“灵甲一直在发热灼烧琉璃……来不及等你恢复肉身了,阎王说,取你心口三滴魂髓,就能彻底稳住这身护身甲。”
“桑桑,算我求你懂事一回。这次……算我欠你的。”
欠我的?
这五百年,他欠我的还少吗?
他总是这样,打着要报恩的名义,心安理得地将刀子捅向最不会反抗的我。
仿佛只要加上一句“她是为了救我”,他加诸在我身上的一切暴行就都有了正当理由。
“如果我不给呢?”
顾寒渊的脸色瞬间冷了下来,“由不得你。”
他抬手一挥,一道定身咒打在我身上。
我动弹不得,眼睁睁看着他挥起匕首。
刀刃刺入魂魄。
挖魂髓是直接伤及本源的,痛楚从魂魄最深处炸开,比肉身被剥皮要痛苦百倍。
我痛得浑身痉挛,连尖叫都发不出来。
泛着淡金色光芒的魂髓,顺着刀刃滴入玉碗。
每落下一滴,我的魂魄就透明一分。
顾寒渊的手有些发抖。
他看着我惨白的脸,眼底翻涌着惊惧与挣扎。
“疼就喊出来。”
他哑着嗓子开口,像是说给我听,又像是在安慰他自己。
多可笑啊。
刚上九重天那会儿,我不小心划破了手指,他都要紧张地捧着我的手吹半天,心疼得眉头紧锁。
现在,他亲手持刀向我,却只有一句“忍着点”。
我强撑着扯了扯嘴角,“上神说笑了,我是树妖,皮糙肉厚,这点痛……算什么。”
顾寒渊的动作一顿,突然慌乱地偏过了头,似乎不敢再看。
他咬牙收回匕首,匆忙撤去定身咒,脚下有些凌乱。
“桑桑,我只是在还她的救命之恩……”
他在门口停下,没有回头,“等恩情报完,我会好好补偿你。”
我缓缓站直,魂魄淡得几乎看不见。
“顾寒渊。”我叫住他。
他停下脚步,没回头。
“这些魂髓给了她,我们之间算两清。”
“放了我吧。
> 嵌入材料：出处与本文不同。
lemma mcong_low_degree_eq:
  assumes "degree r < n" "degree r' < n" "mcong L r r'"
  shows "r = r'"
proof (rule ccontr)
  assume "r \<noteq> r'"
  then have "n \<le> degree (r - r')" using left_ideal_degree assms(3) unfolding mcong_def by simp
  moreover have "degree (r - r') < n" using assms(1,2) degree_diff_le_max[of r r'] by linarith
  ultimately show False by simp
qed

text \<open>The coefficients of reduce Q are the coordinates of the class of Q in the basis
  theta^j eta, j < n, of M_L.\<close>

definition reduce :: "'k diffop \<Rightarrow> 'k diffop" where
  "reduce Q = (SOME r. degree r < n \<and> mcong L Q r)"

lemma reduce_spec: "degree (reduce Q) < n \<and> mcong L Q (reduce Q)"
proof -
  obtain S r where "Q = op_mult S L + r" "degree r < n" using division_exists by blast
  then have "degree r < n \<and> mcong L Q r" unfolding mcong_def in_left_ideal_def by auto
  then show ?thesis unfolding reduce_def by (rule someI)
qed

lemma degree_reduce: "degree (reduce Q) < n"
  using reduce_spec by blast

lemma mcong_reduce: "mcong L Q (reduce Q)"
  using reduce_spec by blast

lemma reduce_eqI: "degree r < n \<Longrightarrow> mcong L Q r \<Longrightarrow> reduce Q = r"
  by (metis mcong_low_degree_eq degree_reduce mcong_reduce mcong_sym mcong_trans)

lemma reduce_low_degree: "degree r < n \<Longrightarrow> reduce r = r"
  by (rule reduce_eqI) (simp_all add: mcong_refl)

lemma reduce_cong: "mcong L Q Q' \<Longrightarrow> reduce Q = reduce Q'"
  by (metis mcong_sym mcong_trans degree_reduce reduce_eqI mcong_reduce)

lemma reduce_add: "reduce (P + Q) = reduce P + reduce Q"
  by (rule reduce_eqI) (auto intro: mcong_add mcong_reduce degree_add_less degree_reduce)

lemma reduce_smult: "reduce (smult a P) = smult a (reduce P)"
  using order_pos by (intro reduce_eqI)
    (auto intro: mcong_smult mcong_reduce le_less_trans[OF degree_smult_le] degree_reduce)

lemma reduce_op_mult_L: "reduce (op_mult S L) = 0"
  using reduce_cong[OF mcong_op_mult_L] reduce_low_degree[of 0] order_pos by simp

lemma reduce_theta_op:
  assumes "degree r < n"
  shows "reduce (theta_op r) = theta_op r - smult (coeff r (n - 1)) L"
proof (rule reduce_eqI)
  have "coeff (theta_op r - smult (coeff r (n - 1)) L) j = 0" if "n - 1 < j" for j
    using that assms order_pos
    by (cases "j = n") (simp_all add: coeff_theta_op coeff_eq_0 monic_L degree_L)
  then have "degree (theta_op r - smult (coeff r (n - 1)) L) \<le> n - 1" by (intro degree_le) auto
  then show "degree (theta_op r - smult (coeff r (n - 1)) L) < n" using order_pos by simp
  show "mcong L (theta_op r) (theta_op r - smult (coeff r (n - 1)) L)"
    unfolding mcong_def in_left_ideal_def
    by (intro exI[of _ "[:coeff r (n - 1):]"]) (simp add: op_mult_const)
qed

definition coord :: "nat \<Rightarrow> 'k diffop \<Rightarrow> 'k poly fract" where
  "coord k Q = coeff (reduce Q) k"

text \<open>K(t)-linear functionals on M_L, seen as functions on representatives.\<close>

definition M_functional :: "('k diffop \<Rightarrow> 'k poly fract) \<Rightarrow> bool" where
  "M_functional \<phi> \<longleftrightarrow> (\<forall>x y. \<phi> (x + y) = \<phi> x + \<phi> y) \<and> (\<forall>a x. \<phi> (smult a x) = a * \<phi> x)
     \<and> (\<forall>S. \<phi> (op_mult S L) = 0)"

lemma M_functional_zero:
  assumes "M_functional \<phi>"
  shows "\<phi> 0 = 0"
proof -
  have "\<phi> (op_mult 0 L) = 0" using assms unfolding M_functional_def by blast
  then show ?thesis by simp
qed

lemma M_functional_diff:
  assumes "M_functional \<phi>"
  shows "\<phi> (x - y) = \<phi> x - \<phi> y"
proof -
  have "\<phi> ((x - y) + y) = \<phi> (x - y) + \<phi> y" using assms unfolding M_functional_def by blast
  then show ?thesis by simp
qed

lemma M_functional_cong: "M_functional \<phi> \<Longrightarrow> mcong L x y \<Longrightarrow> \<phi> x = \<phi> y"
  unfolding mcong_def in_left_ideal_def using M_functional_diff[of \<phi> x y]
  by (auto simp: M_functional_def)

lemma M_functional_reduce: "M_functional \<phi> \<Longrightarrow> \<phi> x = \<phi> (reduce x)"
  using M_functional_cong mcong_reduce by blast

lemma M_functional_sum: "M_functional \<phi> \<Longrightarrow> \<phi> (sum f A) = (\<Sum>i\<in>A. \<phi> (f i))"
  by (induction A rule: infinite_finite_induct) (simp_all add: M_functional_zero M_functional_def)

lemma M_functional_coord: "M_functional (coord k)"
  unfolding M_functional_def coord_def by (simp add: reduce_add reduce_smult reduce_op_mult_L)

lemma M_functional_dual_scale: "M_functional \<phi> \<Longrightarrow> M_functional (dual_scale a \<phi>)"
  unfolding M_functional_def dual_scale_def by (simp add: algebra_simps)

lemma M_functional_dual_theta: "M_functional \<phi> \<Longrightarrow> M_functional (dual_theta \<phi>)"
  unfolding M_functional_def dual_theta_def
  by (simp add: theta_add theta_mult theta_op_add theta_op_smult theta_op_op_mult algebra_simps)

lemma M_functional_dual_theta_power: "M_functional \<phi> \<Longrightarrow> M_functional ((dual_theta ^^ i) \<phi>)"
  by (induction i) (simp_all add: M_functional_dual_theta)

lemma M_functional_Dual_act: "M_functional \<phi> \<Longrightarrow> M_functional (Dual.act P \<phi>)"
  using M_functional_dual_theta_power[of \<phi>]
  unfolding M_functional_def Dual_act_apply
  by (simp add: sum.distrib sum_distrib_left algebra_simps)

lemma M_functional_expand:
  assumes "M_functional \<phi>" and "degree r < n"
  shows "\<phi> r = (\<Sum>j<n. coeff r j * \<phi> (monom 1 j))"
proof -
  have "{..<n} = {..n - 1}" using order_pos by auto
  then have "r = (\<Sum>j<n. smult (coeff r j) (monom 1 j))"
    using assms(2) poly_as_sum_of_monoms'[of r "n - 1"] by (simp add: smult_monom)
  then have "\<phi> r = \<phi> (\<Sum>j<n. smult (coeff r j) (monom 1 j))" by simp
  also have "\<dots> = (\<Sum>j<n. coeff r j * \<phi> (monom 1 j))"
    using assms(1) by (simp add: M_functional_sum) (simp add: M_functional_def)
  finally show ?thesis .
qed

lemma dual_theta_coord:
  assumes "k < n"
  shows "dual_theta (coord k)
    = dual_scale (coeff L k) (coord (n - 1)) - (if k = 0 then 0 else coord (k - 1))"
proof
  fix Q
  define r where "r = reduce Q"
  have r: "degree r < n" unfolding r_def by (rule degree_reduce)
  have "dual_theta (coord k) Q = dual_theta (coord k) r"
    unfolding r_def by (intro M_functional_reduce M_functional_dual_theta M_functional_coord)
  also have "\<dots> = theta (coeff r k) - coeff (reduce (theta_op r)) k"
    using r by (simp add: dual_theta_def coord_def reduce_low_degree)
  also have "\<dots> = coeff L k * coeff r (n - 1) - (if k = 0 then 0 else coeff r (k - 1))"
    using r by (simp add: reduce_theta_op coeff_theta_op)
  finally show "dual_theta (coord k) Q
      = (dual_scale (coeff L k) (coord (n - 1)) - (if k = 0 then 0 else coord (k - 1))) Q"
    by (simp add: dual_scale_def coord_def r_def)
qed

text \<open>Applied to the last coordinate functional, the partial adjoints produce the coordinate
  functionals one at a time; the full adjoint gives 0.\<close>

definition partial_adjoint :: "nat \<Rightarrow> 'k diffop" where
  "partial_adjoint m = (\<Sum>i\<le>m. smult ((-1) ^ i) ((theta_op ^^ i) [:coeff L (n - m + i):]))"

lemma adjoint_eq_partial_adjoint: "adjoint L = partial_adjoint n"
  unfolding adjoint_def partial_adjoint_def by (simp add: degree_L op_mult_monom)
”
顾寒渊的背影一僵,过了片刻后,才嗓音低沉的说道:“桑桑,别闹。我说过会补偿你,两清这种胡话,以后不要再提。”
说完,他大步流星地走了进去。
我听见屋里传来叶琉璃惊喜的声音:“寒渊哥哥,你真好。”
“姐姐她……没事吧?”
“没事。”
没事吗?
我低头看着自己胸口那个无法愈合的窟窿。
魂力正一点点往外泄。
照这个趋势,不出七天,我就会彻底消散。
4
整个偏殿设了结界,我出不去,也无处可逃。
我被困在这一方天地,日复一日地看着叶琉璃披着我的皮,在他面前翩然起舞。
我的魂魄一天比一天薄,意识也越来越混沌。
直到天界举办蟠桃宴。
顾寒渊要带叶琉璃去赴宴。
临走前,叶琉璃突然跑到我面前,往我手里塞了一个东西。
我认得,那是顾寒渊母亲的遗物,他向来看得比性命还重。
怎么会在叶琉璃的手上?
她哭得梨花带雨,“姐姐,求你帮我修修这块玉佩吧,我不小心摔碎了,寒渊哥哥知道会杀了我的!”
我还没来得及开口,顾寒渊就走了进来。
“琉璃,怎么了?”
叶琉璃仿佛受了惊吓,尖叫着后退一步,姿态宛如被我猛地推开。
“姐姐,我知道你恨我,可这玉佩是寒渊哥哥最珍视的东西,你怎么能摔碎它!”
她指着我手上的玉佩,神情震惊又悲痛。
我看着手里的玉佩。
这些肮脏的戏码,她当真演不腻。
顾寒渊看到地上的碎片,周身气息骤然冰冷。
那枚玉佩,他曾在酒醉的深夜放在我掌心。